対象は、日常生活での過度なネットやゲーム利用を見直したい県内在住の小学5年生から18歳までの男女。今年は18人が参加した。
8月のメインキャンプでは、スマホや携帯ゲーム機を回収。子どもたちのメンター(助言者)となる大学生らと一緒に、海水浴やカヌー、野外調理などを体験するとともに、参加者同士でネットやゲームとの距離の取り方、互いの夢や目標を話し合った。
スマホやゲームは“ネット断食”ではなく、1日1時間の利用枠を設定。その時間を何に使うかは自由であり、「『リアルの側にも君の居場所があるんだよ』と再認識させる」(竹内教授)ことを狙う。
今月10日のフォローアップキャンプは、メンターが一人一人と面談。夏のキャンプで立てた目標を振り返り、次の目標実現や軌道修正に向けたアプローチを一緒に考えた。
中学2年生の中山勇治さん(仮名)は、キャンプへの参加を通じて「前より学校に行けるようになった。大学生たちが話を聞いてくれたから」と、照れながらもメンターへの感謝を口に。同大学3年生の竹山美空さんは「家では言いにくいことも、歳が近い学生だからこそ心を開いてくれたと思う」と語り、伴走支援の大切さを肌で感じていた。

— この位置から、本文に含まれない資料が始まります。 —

definition kform :: "(nat \<Rightarrow> 'a::comm_ring_1) \<Rightarrow> 'a" where
  "kform m = (\<Sum>i<5. m i ^ 3)
     - (\<Sum>i<5. \<Sum>j\<in>{..<5} - {i}. m i ^ 2 * m j)
     + 2 * (\<Sum>S\<in>{S. S \<subseteq> {..<5::nat} \<and> card S = 3}. \<Prod>i\<in>S. m i)"

text \<open>The polynomial ring C[mu_0,...,mu_4], realised as iterated univariate
polynomials, and its five variables.\<close>
type_synonym mpoly5 = "complex poly poly poly poly poly"

definition mvar :: "nat \<Rightarrow> mpoly5" where
  "mvar i = (if i = 0 then [:[:[:[:monom (1::complex) 1:]:]:]:]
             else if i = 1 then [:[:[:monom (1::complex poly) 1:]:]:]
             else if i = 2 then [:[:monom (1::complex poly poly) 1:]:]
             else if i = 3 then [:monom (1::complex poly poly poly) 1:]
             else monom (1::complex poly poly poly poly) 1)"

end

theory Submission
  imports Defs
begin

text \<open>
  Parametrise the conic so that [1:0] and [0:1] are its points on l01 and l02; they are
  distinct because the conic misses l12. Along the conic H vanishes identically, and its
  expansion at the two points gives the tangency relations, which after rescaling put the
  conic in the form X0 = \<mu>0 s t, X1 = t (c t - \<mu>1 s), X2 = s (d s - \<mu>2 t). Then
  H = \<mu>0 s^2 t^2 (k X3 X4 + M (\<mu>3 X4 + \<mu>4 X3)) with k = c d - \<mu>1 \<mu>2 and
  M = (c t - \<mu>1 s)(d s - \<mu>2 t). At each root of M exactly one of X3, X4 vanishes (the conic
  avoids the nodes), and not the same one at both roots. Up to exchanging X3 and X4, the forms
  U = k X3 + \<mu>3 M and V = k X4 + \<mu>4 M satisfy U V = \<mu>3 \<mu>4 M^2 and vanish at different
  roots of M, so they are multiples \<alpha> L1^2, \<beta> L2^2 of the squares of its linear factors.
  Comparing coefficients in U + V = k (X3 + X4) + (\<mu>3 + \<mu>4) M and eliminating
  \<alpha>, \<beta>, c, d leaves the cubic relation.

  As a polynomial in \<mu>4 over C[\<mu>0, ..., \<mu>3] the cubic form is monic, so it is irreducible
  once it has no root there; specialising \<mu>1 = \<mu>2 = \<mu>3 = 1 yields a cubic over C[\<mu>0]
  that is Eisenstein at \<mu>0 after the shift \<mu>4 \<mapsto> \<mu>4 + 1.
\<close>

section \<open>The cubic form\<close>

definition elem_sym :: "(nat \<Rightarrow> 'a::comm_ring_1) \<Rightarrow> nat \<Rightarrow> nat set \<Rightarrow> 'a" where
  "elem_sym m k I = (\<Sum>S\<in>{S. S \<subseteq> I \<and> card S = k}. \<Prod>i\<in>S. m i)"

lemma subsets_card_Suc_insert:
  assumes "finite A" "a \<notin> A"
  shows "{S. S \<subseteq> insert a A \<and> card S = Suc k} =
         {S. S \<subseteq> A \<and> card S = Suc k} \<union> insert a ` {S. S \<subseteq> A \<and> card S = k}"
proof (intro set_eqI iffI)
  fix S assume S: "S \<in> {S. S \<subseteq> insert a A \<and> card S = Suc k}"
  show "S \<in> {S. S \<subseteq> A \<and> card S = Suc k} \<union> insert a ` {S. S \<subseteq> A \<and> card S = k}"
  proof (cases "a \<in> S")
    case True
    then have "S = insert a (S - {a})" "S - {a} \<subseteq> A" "card (S - {a}) = k"
      using S assms(1) finite_subset by auto
    then show ?thesis by blast
  qed (use S in auto)
next
  fix S assume "S \<in> {S. S \<subseteq> A \<and> card S = Suc k} \<union> insert a ` {S. S \<subseteq> A \<and> card S = k}"
  then show "S \<in> {S. S \<subseteq> insert a A \<and> card S = Suc k}"
    using assms finite_subset by (fastforce simp: card_insert_if)
qed

lemma elem_sym_insert:
  assumes "finite A" "a \<notin> A"
  shows "elem_sym m (Suc k) (insert a A) = elem_sym m (Suc k) A + m a * elem_sym m k A"
proof -
  let ?K = "{S. S \<subseteq> A \<and> card S = k}"
  have inj: "inj_on (insert a) ?K"
    using assms(2) by (auto simp: inj_on_def)
  have "elem_sym m (Suc k) (insert a A) =
      elem_sym m (Suc k) A + (\<Sum>S\<in>insert a ` ?K. \<Prod>i\<in>S. m i)"
    unfolding elem_sym_def subsets_card_Suc_insert[OF assms]
    by (rule sum.union_disjoint) (use assms in auto)
  also have "(\<Sum>S\<in>insert a ` ?K. \<Prod>i\<in>S. m i) = (\<Sum>T\<in>?K. m a * (\<Prod>i\<in>T. m i))"
    unfolding sum.reindex[OF inj, unfolded comp_def]
  proof (rule sum.cong)
    fix T assume "T \<in> ?K"
    then have "finite T" "a \<notin> T" using assms finite_subset by auto
    then show "(\<Prod>i\<in>insert a T. m i) = m a * (\<Prod>i\<in>T. m i)" by simp
  qed simp
  finally show ?thesis
    by (simp add: elem_sym_def sum_distrib_left)
qed

lemma elem_sym_0:
  assumes "finite A" shows "elem_sym m 0 A = 1"
proof -
  have "{S. S \<subseteq> A \<and> card S = 0} = {{}}"
    using assms by (auto simp: card_eq_0_iff dest: rev_finite_subset)
  then show ?thesis by (simp add: elem_sym_def)
qed

lemma elem_sym_Suc_empty: "elem_sym m (Suc k) {} = 0"
proof -
  have no_subsets: "{S. S \<subseteq> {} \<and> card S = Suc k} = {}" by auto
  show ?thesis unfolding elem_sym_def no_subsets by simp
qed

lemma sum_lessThan_5: "(\<Sum>i<5::nat. g i) = g 0 + g 1 + g 2 + g 3 + g 4"
  by (simp add: lessThan_Suc numeral_eq_Suc ac_simps)

lemma kform_explicit: "kform m =
  m 0^3 + m 1^3 + m 2^3 + m 3^3 + m 4^3
  - (m 0^2*(m 1+m 2+m 3+m 4) + m 1^2*(m 0+m 2+m 3+m 4) + m 2^2*(m 0+m 1+m 3+m 4)
     + m 3^2*(m 0+m 1+m 2+m 4) + m 4^2*(m 0+m 1+m 2+m 3))
  + 2*(m 0*m 1*m 2 + m 0*m 1*m 3 + m 0*m 1*m 4 + m 0*m 2*m 3 + m 0*m 2*m 4 + m 0*m 3*m 4
       + m 1*m 2*m 3 + m 1*m 2*m 4 + m 1*m 3*m 4 + m 2*m 3*m 4)"
proof -
  have "(\<Sum>S\<in>{S. S \<subseteq> {..<5::nat} \<and> card S = 3}. \<Prod>i\<in>S. m i) = elem_sym m 3 {0,1,2,3,4}"
    by (simp add: elem_sym_def lessThan_Suc numeral_eq_Suc insert_commute)
  also have "\<dots> = m 0*m 1*m 2 + m 0*m 1*m 3 + m 0*m 1*m 4 + m 0*m 2*m 3 + m 0*m 2*m 4
       + m 0*m 3*m 4 + m 1*m 2*m 3 + m 1*m 2*m 4 + m 1*m 3*m 4 + m 2*m 3*m 4"
    by (simp add: numeral_eq_Suc elem_sym_insert elem_sym_0 elem_sym_Suc_empty algebra_simps)
  finally show ?thesis
    unfolding kform_def by (simp add: sum_lessThan_5 sum_diff1 sum_distrib_left[symmetric]
        algebra_simps)
qed

lemma kform_factored:
  "kform m = (m 3 + m 4 - m 1 - m 2 + m 0) * (m 3 + m 4 - m 1 + m 2 - m 0)
     * (m 3 + m 4 + m 1 - m 2 - m 0) - 4 * (m 3 * m 4) * (m 3 + m 4 - m 1 - m 2 - m 0)"
  unfolding kform_explicit by (simp add: algebra_simps power2_eq_square power3_eq_cube)

lemma kform_transpose_34: "kform (m \<circ> Transposition.transpose 3 4) = kform m"
  unfolding kform_explicit by (simp add: Transposition.transpose_def algebra_simps)

section \<open>Irreducibility\<close>

lemma irreducible_if_no_root:
  fixes p :: "'a::idom_divide poly"
  assumes deg: "0 < degree p" "degree p \<le> 3" and monic: "lead_coeff p = 1"
    and no_root: "\<And>r. poly p r \<noteq> 0"
  shows "irreducible p"
proof -
  have "p \<noteq> 0" using deg by auto
  have no_linear_factor: "degree q \<noteq> 1" if "q dvd p" "lead_coeff q dvd 1" for q
  proof
    assume "degree q = 1"
    then obtain q0 q1 where q: "q = [:q0, q1:]" by (metis degree1_coeffs)
    obtain u where "q1 * u = 1" using \<open>lead_coeff q dvd 1\<close> q \<open>degree q = 1\<close>
      by (auto elim: dvdE simp: eq_commute[of 1])
    then have "poly q (- q0 * u) = 0" by (simp add: q algebra_simps)
    then have "poly p (- q0 * u) = 0" using \<open>q dvd p\<close> by (auto elim: dvdE)
    with no_root show False by blast
  qed
  show ?thesis
  proof (rule irreducibleI)
    show "p \<noteq> 0" by fact
    show "\<not> is_unit p" using deg by (auto elim: is_unit_polyE)
  next
    fix a b assume p_eq: "p = a * b"
    then have "a \<noteq> 0" "b \<noteq> 0" using \<open>p \<noteq> 0\<close> by auto
    then have deg_sum: "degree a + degree b = degree p" by (simp add: p_eq degree_mult_eq)
    have lc: "lead_coeff a * lead_coeff b = 1" using monic by (simp add: p_eq lead_coeff_mult)
    then have "lead_coeff a dvd 1" "lead_coeff b dvd 1" by (metis dvd_triv_left dvd_triv_right)+
    moreover have "is_unit q" if "degree q = 0" "lead_coeff q dvd 1" for q :: "'a poly"
      using that by (metis degree_0_id is_unit_const_poly_iff)
    moreover have not_linear: "degree a \<noteq> 1" "degree b \<noteq> 1"
      using no_linear_factor \<open>lead_coeff a dvd 1\<close> \<open>lead_coeff b dvd 1\<close> p_eq by auto
    moreover have "degree a = 0 \<or> degree b = 0" using deg deg_sum not_linear by linarith
    ultimately show "is_unit a \<or> is_unit b" by blast
  qed
qed

definition kform_coeff2 :: "(nat \<Rightarrow> 'a::comm_ring_1) \<Rightarrow> 'a" where
  "kform_coeff2 m = - (m 0 + m 1 + m 2 + m 3)"

definition kform_coeff1 :: "(nat \<Rightarrow> 'a::comm_ring_1) \<Rightarrow> 'a" where
  "kform_coeff1 m = 2*(m 0*m 1 + m 0*m 2 + m 0*m 3 + m 1*m 2 + m 1*m 3 + m 2*m 3)
     - (m 0^2 + m 1^2 + m 2^2 + m 3^2)"

definition kform_coeff0 :: "(nat \<Rightarrow> 'a::comm_ring_1) \<Rightarrow> 'a" where
  "kform_coeff0 m = m 0^3 + m 1^3 + m 2^3 + m 3^3
     - (m 0^2*(m 1+m 2+m 3) + m 1^2*(m 0+m 2+m 3) + m 2^2*(m 0+m 1+m 3) + m 3^2*(m 0+m 1+m 2))
     + 2*(m 0*m 1*m 2 + m 0*m 1*m 3 + m 0*m 2*m 3 + m 1*m 2*m 3)"
(* Let $\{S_\lambda:\lambda\geq0\}$ and $\{T_\mu:\mu\geq0\}$ be strongly continuous semigroups of isometries on a Hilbert space $\mathcal{H}$ satisfying $S_\lambda T_\mu=e^{i\lambda\mu}T_\mu S_\lambda$ for all $\lambda,\mu\geq0$. Then there exist a Hilbert space $\mathcal{K}\supseteq\mathcal{H}$ and strongly continuous unitary groups $\{U_\lambda:\lambda\in\mathbb{R}\}$, $\{V_\mu:\mu\in\mathbb{R}\}$ on $\mathcal{K}$ satisfying $U_\lambda V_\mu=e^{i\lambda\mu}V_\mu U_\lambda$ for all real $\lambda,\mu$, such that $P_{\mathcal{H}}U_\lambda|_{\mathcal{H}}=S_\lambda$ and $P_{\mathcal{H}}V_\mu|_{\mathcal{H}}=T_\mu$ for all $\lambda,\mu\geq0$, where $P_{\mathcal{H}}$ is the orthogonal projection of $\mathcal{K}$ onto $\mathcal{H}$. *)

theory Defs
  imports "HOL-Analysis.Analysis"
begin

text \<open>The distribution has no class of complex inner product spaces, so a complex
Hilbert space is represented explicitly by its carrier and operations.
Convention: the inner product is linear in the first argument.\<close>

record 'v chs =
  carrier :: "'v set"
  zero :: 'v
  add :: "'v \<Rightarrow> 'v \<Rightarrow> 'v"
  smult :: "complex \<Rightarrow> 'v \<Rightarrow> 'v"
  inner :: "'v \<Rightarrow> 'v \<Rightarrow> complex"

definition chs_sub :: "'v chs \<Rightarrow> 'v \<Rightarrow> 'v \<Rightarrow> 'v" where
  "chs_sub K x y = add K x (smult K (-1) y)"

definition chs_norm :: "'v chs \<Rightarrow> 'v \<Rightarrow> real" where
  "chs_norm K x = sqrt (Re (inner K x x))"

definition chs_dist :: "'v chs \<Rightarrow> 'v \<Rightarrow> 'v \<Rightarrow> real" where
  "chs_dist K x y = chs_norm K (chs_sub K x y)"

definition complex_hilbert_space :: "'v chs \<Rightarrow> bool" where
  "complex_hilbert_space K \<longleftrightarrow>
     zero K \<in> carrier K
   \<and> (\<forall>x\<in>carrier K. \<forall>y\<in>carrier K. add K x y \<in> carrier K)
   \<and> (\<forall>c. \<forall>x\<in>carrier K. smult K c x \<in> carrier K)
   \<and> (\<forall>x\<in>carrier K. \<forall>y\<in>carrier K. \<forall>z\<in>carrier K. add K (add K x y) z = add K x (add K y z))
   \<and> (\<forall>x\<in>carrier K. \<forall>y\<in>carrier K. add K x y = add K y x)
   \<and> (\<forall>x\<in>carrier K. add K (zero K) x = x)
   \<and> (\<forall>x\<in>carrier K. \<exists>y\<in>carrier K. add K x y = zero K)
   \<and> (\<forall>c. \<forall>x\<in>carrier K. \<forall>y\<in>carrier K. smult K c (add K x y) = add K (smult K c x) (smult K c y))
   \<and> (\<forall>a b. \<forall>x\<in>carrier K. smult K (a + b) x = add K (smult K a x) (smult K b x))
   \<and> (\<forall>a b. \<forall>x\<in>carrier K. smult K (a * b) x = smult K a (smult K b x))
   \<and> (\<forall>x\<in>carrier K. smult K 1 x = x)
   \<and> (\<forall>x\<in>carrier K. \<forall>y\<in>carrier K. \<forall>z\<in>carrier K. inner K (add K x y) z = inner K x z + inner K y z)
   \<and> (\<forall>c. \<forall>x\<in>carrier K. \<forall>y\<in>carrier K. inner K (smult K c x) y = c * inner K x y)
   \<and> (\<forall>x\<in>carrier K. \<forall>y\<in>carrier K. inner K x y = cnj (inner K y x))
   \<and> (\<forall>x\<in>carrier K. 0 \<le> Re (inner K x x))
   \<and> (\<forall>x\<in>carrier K. inner K x x = 0 \<longrightarrow> x = zero K)
   \<and> (\<forall>X. (\<forall>n. X n \<in> carrier K) \<and>
          (\<forall>e>0. \<exists>N. \<forall>m\<ge>N. \<forall>n\<ge>N. chs_dist K (X m) (X n) < e)
        \<longrightarrow> (\<exists>L\<in>carrier K. (\<lambda>n. chs_dist K (X n) L) \<longlonglongrightarrow> 0))"

definition lin_op :: "'v chs \<Rightarrow> 'w chs \<Rightarrow> ('v \<Rightarrow> 'w) \<Rightarrow> bool" where
  "lin_op H K f \<longleftrightarrow>
     (\<forall>x\<in>carrier H. f x \<in> carrier K)
   \<and> (\<forall>x\<in>carrier H. \<forall>y\<in>carrier H. f (add H x y) = add K (f x) (f y))
   \<and> (\<forall>c. \<forall>x\<in>carrier H. f (smult H c x) = smult K c (f x))"

definition isometry :: "'v chs \<Rightarrow> 'w chs \<Rightarrow> ('v \<Rightarrow> 'w) \<Rightarrow> bool" where
  "isometry H K f \<longleftrightarrow> lin_op H K f
     \<and> (\<forall>x\<in>carrier H. \<forall>y\<in>carrier H. inner K (f x) (f y) = inner H x y)"

definition unitary :: "'v chs \<Rightarrow> ('v \<Rightarrow> 'v) \<Rightarrow> bool" where
  "unitary K f \<longleftrightarrow> isometry K K f \<and> f ` carrier K = carrier K"

definition sc_isometry_semigroup :: "'v chs \<Rightarrow> (real \<Rightarrow> 'v \<Rightarrow> 'v) \<Rightarrow> bool" where
  "sc_isometry_semigroup H S \<longleftrightarrow>
     (\<forall>t\<ge>0. isometry H H (S t))
   \<and> (\<forall>x\<in>carrier H. S 0 x = x)
   \<and> (\<forall>s\<ge>0. \<forall>t\<ge>0. \<forall>x\<in>carrier H. S (s + t) x = S s (S t x))
   \<and> (\<forall>x\<in>carrier H. \<forall>t\<ge>0. ((\<lambda>s. chs_dist H (S s x) (S t x)) \<longlongrightarrow> 0) (at t within {0..}))"

definition sc_unitary_group :: "'v chs \<Rightarrow> (real \<Rightarrow> 'v \<Rightarrow> 'v) \<Rightarrow> bool" where
  "sc_unitary_group K U \<longleftrightarrow>
     (\<forall>t. unitary K (U t))
   \<and> (\<forall>x\<in>carrier K. U 0 x = x)
   \<and> (\<forall>s t. \<forall>x\<in>carrier K. U (s + t) x = U s (U t x))
   \<and> (\<forall>x\<in>carrier K. \<forall>t. ((\<lambda>s. chs_dist K (U s x) (U t x)) \<longlongrightarrow> 0) (at t))"

definition orth_proj :: "'v chs \<Rightarrow> 'v set \<Rightarrow> 'v \<Rightarrow> 'v" where
  "orth_proj K M v = (THE w. w \<in> M \<and> (\<forall>m\<in>M. inner K (chs_sub K v w) m = 0))"

end

theory Submission
  imports Defs
begin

一方、この日のキャンプでは保護者向けのプログラムも実施。精神保健福祉士によるネット依存やゲーム障害への介入方法に関する講義では、依存行動を安易に否定せず、本人の自己肯定感を高め、主体性を導く声掛けの重要性を学んだ。
■同時に保護者向けプログラム
「自己肯定感高める声掛けを」
県と竹内教授らによる過去の参加者の追跡調査・分析では、「保護者との関係」「学校への登校」「ネットへの課金」などの項目で80%以上の改善率を示し、その効果が長期的に続いているという。同キャンプに同行した文科省の担当者は「年々磨き上げ、全国的にみても最も充実した取り組み」と高く評価していた。
伊藤氏らは、かまどで作ったカレーライスを子どもたちと一緒に食べながら交流したほか、竹内教授らの保護者面談の様子も見学。「スマホを使う時間が半分に減った」「看護師になる目標を持ち始めた」など、参加を機に芽生えたわが子の成長を喜ぶ声が数多く聞かれた。
視察後、伊藤氏は「デジタル化が進む中、その利便性だけではなく、向き合い方を子どもと保護者の双方が学べる場になっている。今後も継続できるよう、県議と連携して後押ししたい」と語った。